**About this task:**
Filter out every line below that lacks "subseteq", and copy the rest.

┌──

(* Let a domain $v$ be a triple $(\mu^{(v)}, f^{(v)}, g^{(v)})$ with $\mu^{(v)}$ a distribution on $\mathbb{R}^d$, $f^{(v)}:\mathbb{R}^d\to\mathbb{R}^{d'}$ and $g^{(v)}:\mathbb{R}^{d'}\to\mathcal{Y}$, and $h^{(v)}=g^{(v)}\circ f^{(v)}$. Let $u$ be the unseen domain and $s=1,\dots,S$ the seen domains. For $h=g\circ f$ define $R^{(v)}(h):=\mathbb{E}_{\bm{x}\sim\mu^{(v)}}[\ell(h(\bm{x}),h^{(v)}(\bm{x}))]$. Assume (i) $\ell$ is non-negative, symmetric, bounded by a finite positive number $L$, and satisfies the triangle inequality; and (ii) $f$ is invertible when restricted to the data manifold (the support of the input distributions). Then for all convex weights $\lambda^{(1)},\dots,\lambda^{(S)}$ (nonnegative, summing to one) and any such hypothesis $h=g\circ f$, \[ R^{(u)}(h)\le\sum_{s=1}^S\lambda^{(s)}R^{(s)}(h)+L\sum_{s=1}^S\lambda^{(s)}\|f_{\#}\mu^{(u)}-f_{\#}\mu^{(s)}\|_1+\sum_{s=1}^S\lambda^{(s)}\sigma^{(u,s)}, \] where $f_{\#}\mu^{(v)}$ is the pushforward of $\mu^{(v)}$ under $f$, $\|\cdot\|_1$ is the $L^1$ distance between densities, and $\sigma^{(u,s)}:=\min\{\mathbb{E}_{\bm{x}\sim\mu^{(u)}}[\ell(h^{(u)}(\bm{x}),h^{(s)}(\bm{x}))],\ \mathbb{E}_{\bm{x}\sim\mu^{(s)}}[\ell(h^{(u)}(\bm{x}),h^{(s)}(\bm{x}))]\}$.
   Context: Domain generalization with $S$ seen domains and one unseen domain. *)

theory Defs
  imports "HOL-Probability.Probability"
begin

definition risk :: "('c \<Rightarrow> 'c \<Rightarrow> real) \<Rightarrow> 'a measure \<Rightarrow> ('a \<Rightarrow> 'c) \<Rightarrow> ('a \<Rightarrow> 'c) \<Rightarrow> real" where
  "risk loss mu hv h = (\<integral>x. loss (h x) (hv x) \<partial>mu)"

definition L1_dist :: "('b::euclidean_space \<Rightarrow> real) \<Rightarrow> ('b \<Rightarrow> real) \<Rightarrow> real" where
  "L1_dist p q = (\<integral>z. \<bar>p z - q z\<bar> \<partial>lborel)"

definition sigma_term :: "('c \<Rightarrow> 'c \<Rightarrow> real) \<Rightarrow> 'a measure \<Rightarrow> 'a measure \<Rightarrow> ('a \<Rightarrow> 'c) \<Rightarrow> ('a \<Rightarrow> 'c) \<Rightarrow> real" where
  "sigma_term loss mu_u mu_s hu hs =
     min (\<integral>x. loss (hu x) (hs x) \<partial>mu_u) (\<integral>x. loss (hu x) (hs x) \<partial>mu_s)"

end

theory Submission
  imports Defs
begin
lemma transpositions_subset_carrier: "transpositions n \<subseteq> carrier (sym_group n)"
  by (auto simp: transpositions_def sym_group_carrier permutes_swap_id)

lemma transposition_comp_self: "s \<in> transpositions n \<Longrightarrow> s \<circ> s = id"
  by (auto elim: transpositionsE)

lemma card_moved_transposition: "s \<in> transpositions n \<Longrightarrow> card (moved s) = 2"
  by (auto elim!: transpositionsE simp: moved_transpose)

lemma moved_transposition_subset: "s \<in> transpositions n \<Longrightarrow> moved s \<subseteq> {1..n}"
  by (auto elim!: transpositionsE simp: moved_transpose)

lemma inj_on_moved_transpositions: "inj_on moved (transpositions n)"
  by (rule inj_onI) (auto elim!: transpositionsE simp: moved_transpose intro: transpose_eq_if_doubleton_eq)

lemma transpositions_disjointE:
  assumes "s \<in> transpositions n" "t \<in> transpositions n" "moved s \<inter> moved t = {}"
  obtains p q r w where "distinct [p, q, r, w]" "s = transpose p q" "t = transpose r w"
proof -
  obtain p q r w where "p \<noteq> q" "r \<noteq> w" "s = transpose p q" "t = transpose r w"
    using assms(1,2) by (auto elim!: transpositionsE)
  with assms(3) show thesis using that[of p q r w] by (auto simp: moved_transpose)
qed

lemma transpositions_meetingE:
  assumes "s \<in> transpositions n" "t \<in> transpositions n" "s \<noteq> t" "moved s \<inter> moved t \<noteq> {}"
  obtains p q w where "distinct [p, q, w]" "{p, q, w} \<subseteq> {1..n}" "s = transpose p q" "t = transpose p w"
proof -
  obtain a b c d where ab: "{a, b, c, d} \<subseteq> {1..n}" "a \<noteq> b" "c \<noteq> d" "s = transpose a b" "t = transpose c d"
    using assms(1,2) by (auto elim!: transpositionsE)
  have "{a, b} \<noteq> {c, d}" using assms(3) ab(4,5) transpose_eq_if_doubleton_eq by metis
  have "{a, b} \<inter> {c, d} \<noteq> {}" using assms(4) ab by (simp add: moved_transpose)
  then consider "a = c" | "a = d" | "b = c" | "b = d" by blast
  then show thesis
  proof cases
    case 1 then show ?thesis using that[of a b d] ab \<open>{a, b} \<noteq> {c, d}\<close> by auto
  next
    case 2 then show ?thesis using that[of a b c] ab \<open>{a, b} \<noteq> {c, d}\<close> by (auto simp: transpose_commute)
  next
    case 3 then show ?thesis using that[of b a d] ab \<open>{a, b} \<noteq> {c, d}\<close> by (auto simp: transpose_commute)
  next
    case 4 then show ?thesis using that[of b a c] ab \<open>{a, b} \<noteq> {c, d}\<close> by (auto simp: transpose_commute)
  qed
qed

lemma transpositions_disjoint_commute:
  assumes "s \<in> transpositions n" "t \<in> transpositions n" "moved s \<inter> moved t = {}"
  shows "s \<circ> t = t \<circ> s"
proof -
  obtain p q r w where "distinct [p, q, r, w]" "s = transpose p q" "t = transpose r w"
    using transpositions_disjointE[OF assms] .
  then show ?thesis by (auto simp: fun_eq_iff transpose_def)
qed

lemma transpositions_meeting:
  assumes "s \<in> transpositions n" "t \<in> transpositions n" "s \<noteq> t" "moved s \<inter> moved t \<noteq> {}"
  shows "t \<circ> s \<circ> t = s \<circ> t \<circ> s" "s \<circ> t \<noteq> t \<circ> s" "s \<circ> t \<circ> s \<in> transpositions n"
    "moved (s \<circ> t \<circ> s) = sym_diff (moved s) (moved t)"
proof -
  obtain p q w where pqw: "distinct [p, q, w]" "{p, q, w} \<subseteq> {1..n}" "s = transpose p q" "t = transpose p w"
    using transpositions_meetingE[OF assms] .
  have sts: "s \<circ> t \<circ> s = transpose q w" using pqw by (auto simp: fun_eq_iff transpose_def)
  show "t \<circ> s \<circ> t = s \<circ> t \<circ> s" "s \<circ> t \<noteq> t \<circ> s"
    using pqw sts by (auto simp: fun_eq_iff transpose_def)
  show "s \<circ> t \<circ> s \<in> transpositions n" using sts pqw by (auto simp: transpositions_def)
  show "moved (s \<circ> t \<circ> s) = sym_diff (moved s) (moved t)" using sts pqw by (auto simp: moved_transpose)
qed
(* Let $X = \langle x_1,\dots,x_L\rangle$ be a random sequence with distribution $p$ over $\mathcal{V}^L$ for a finite vocabulary $\mathcal{V}$, fix distinct indices $i,j$ and fix the values of the other tokens $X_{\setminus\{i,j\}}$. Let $p_\theta(\cdot \mid X_{\setminus i})$ be any model assigning, for every masked sequence $X_{\setminus i}$, a probability distribution over $\mathcal{V}$ for the masked token. Define $$I_p = \mathbb{E}_{x_i,x_j}\Big[\log p\big(x_i \mid X_{\setminus i}(j,x_j)\big) - \log \mathbb{E}_{x_j'}\, p\big(x_i \mid X_{\setminus i}(j,x_j')\big)\Big],$$ $$\hat I_{p_\theta} = \mathbb{E}_{x_i,x_j}\Big[\log p_\theta\big(x_i \mid X_{\setminus i}(j,x_j)\big) - \log \mathbb{E}_{x_j'}\, p_\theta\big(x_i \mid X_{\setminus i}(j,x_j')\big)\Big],$$ where $(x_i,x_j)$ is drawn from the true conditional distribution $p(x_i,x_j \mid X_{\setminus\{i,j\}})$ and $x_j'$ is drawn from $p(x_j \mid X_{\setminus\{i,j\}})$ (so $I_p = I_p(x_i;x_j\mid X_{\setminus\{i,j\}})$ is the conditional mutual information). Then $$\big|\hat I_{p_\theta} - I_p\big| \le \mathbb{E}_{x_j}\, D_{\mathrm{KL}}\Big(p\big(x_i \mid X_{\setminus i}(j,x_j)\big)\,\Big\|\, p_\theta\big(x_i \mid X_{\setminus i}(j,x_j)\big)\Big),$$ with $x_j \sim p(x_j\mid X_{\setminus\{i,j\}})$.
   Context: For a sequence $X$, $X_{\setminus i}$ denotes $X$ with the $i$th token replaced by a special mask token, and $X_{\setminus\{i,j\}}$ denotes $X$ with both the $i$th and $j$th tokens masked. $X(j,v)$ denotes $X$ with its $j$th token replaced by $v \in \mathcal{V}$; thus $X_{\setminus i}(j,x_j)$ is the sequence with token $i$ masked, token $j$ equal to $x_j$, and all other tokens fixed. $D_{\mathrm{KL}}$ is the Kullback–Leibler divergence (possibly $+\infty$, in which case the bound is trivial). *)

theory Defs
  imports "HOL-Probability.Probability"
begin

text \<open>Sequences are functions from a finite position type 'i (the L positions) to a
finite vocabulary 'v.  A masked sequence is a function 'i => 'v option, where None
is the mask token.\<close>

definition mask1 :: "'i \<Rightarrow> ('i \<Rightarrow> 'v) \<Rightarrow> ('i \<Rightarrow> 'v option)" where
  "mask1 i y = (\<lambda>k. if k = i then None else Some (y k))"

definition cond_tok :: "('i \<Rightarrow> 'v::finite) pmf \<Rightarrow> 'i \<Rightarrow> ('i \<Rightarrow> 'v) \<Rightarrow> 'v \<Rightarrow> real" where
  "cond_tok p i y a = pmf p (y(i := a)) / (\<Sum>a'\<in>UNIV. pmf p (y(i := a')))"

definition cond_pair :: "('i \<Rightarrow> 'v::finite) pmf \<Rightarrow> 'i \<Rightarrow> 'i \<Rightarrow> ('i \<Rightarrow> 'v) \<Rightarrow> 'v \<Rightarrow> 'v \<Rightarrow> real" where
  "cond_pair p i j x0 a b = pmf p (x0(i := a, j := b)) /
     (\<Sum>a'\<in>UNIV. \<Sum>b'\<in>UNIV. pmf p (x0(i := a', j := b')))"

definition cond_j :: "('i \<Rightarrow> 'v::finite) pmf \<Rightarrow> 'i \<Rightarrow> 'i \<Rightarrow> ('i \<Rightarrow> 'v) \<Rightarrow> 'v \<Rightarrow> real" where
  "cond_j p i j x0 b = (\<Sum>a\<in>UNIV. cond_pair p i j x0 a b)"

definition I_true :: "('i \<Rightarrow> 'v::finite) pmf \<Rightarrow> 'i \<Rightarrow> 'i \<Rightarrow> ('i \<Rightarrow> 'v) \<Rightarrow> real" where
  "I_true p i j x0 = (\<Sum>a\<in>UNIV. \<Sum>b\<in>UNIV. cond_pair p i j x0 a b *
      (ln (cond_tok p i (x0(j := b)) a)
       - ln (\<Sum>b'\<in>UNIV. cond_j p i j x0 b' * cond_tok p i (x0(j := b')) a)))"

definition I_model :: "('i \<Rightarrow> 'v::finite) pmf \<Rightarrow> (('i \<Rightarrow> 'v option) \<Rightarrow> 'v pmf)
      \<Rightarrow> 'i \<Rightarrow> 'i \<Rightarrow> ('i \<Rightarrow> 'v) \<Rightarrow> real" where
  "I_model p pth i j x0 = (\<Sum>a\<in>UNIV. \<Sum>b\<in>UNIV. cond_pair p i j x0 a b *
      (ln (pmf (pth (mask1 i (x0(j := b)))) a)
       - ln (\<Sum>b'\<in>UNIV. cond_j p i j x0 b' * pmf (pth (mask1 i (x0(j := b')))) a)))"

definition KL :: "('v::finite \<Rightarrow> real) \<Rightarrow> ('v \<Rightarrow> real) \<Rightarrow> ereal" where
  "KL P Q = (if \<exists>a. P a > 0 \<and> Q a = 0 then \<infinity>
             else ereal (\<Sum>a\<in>{a. P a > 0}. P a * ln (P a / Q a)))"

end

(* Write w for the conditional law of x_j, and Q b, M b for the true and the model
   conditional laws of x_i given x_j = b.  Both I_p and its model estimate are the
   cross information  sum_{a,b} w b * Q b a * (ln (M b a) - ln (Mbar a)),  with M = Q
   and M = p_theta respectively, where Mbar = sum_b w b * M b is the mixture.  Their
   difference is  D(Qbar || Mbar) - sum_b w b * D(Q b || M b).  The first term is
   nonnegative by Gibbs' inequality and bounded by the second by joint convexity of
   relative entropy, which gives the bound. *)

theory Submission
  imports Defs
begin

└──

**Exercise solution:**
lemma transpositions_subset_carrier: "transpositions n \<subseteq> carrier (sym_group n)"
lemma moved_transposition_subset: "s \<in> transpositions n \<Longrightarrow> moved s \<subseteq> {1..n}"
  obtains p q w where "distinct [p, q, w]" "{p, q, w} \<subseteq> {1..n}" "s = transpose p q" "t = transpose p w"
  obtain a b c d where ab: "{a, b, c, d} \<subseteq> {1..n}" "a \<noteq> b" "c \<noteq> d" "s = transpose a b" "t = transpose c d"
  obtain p q w where pqw: "distinct [p, q, w]" "{p, q, w} \<subseteq> {1..n}" "s = transpose p q" "t = transpose p w"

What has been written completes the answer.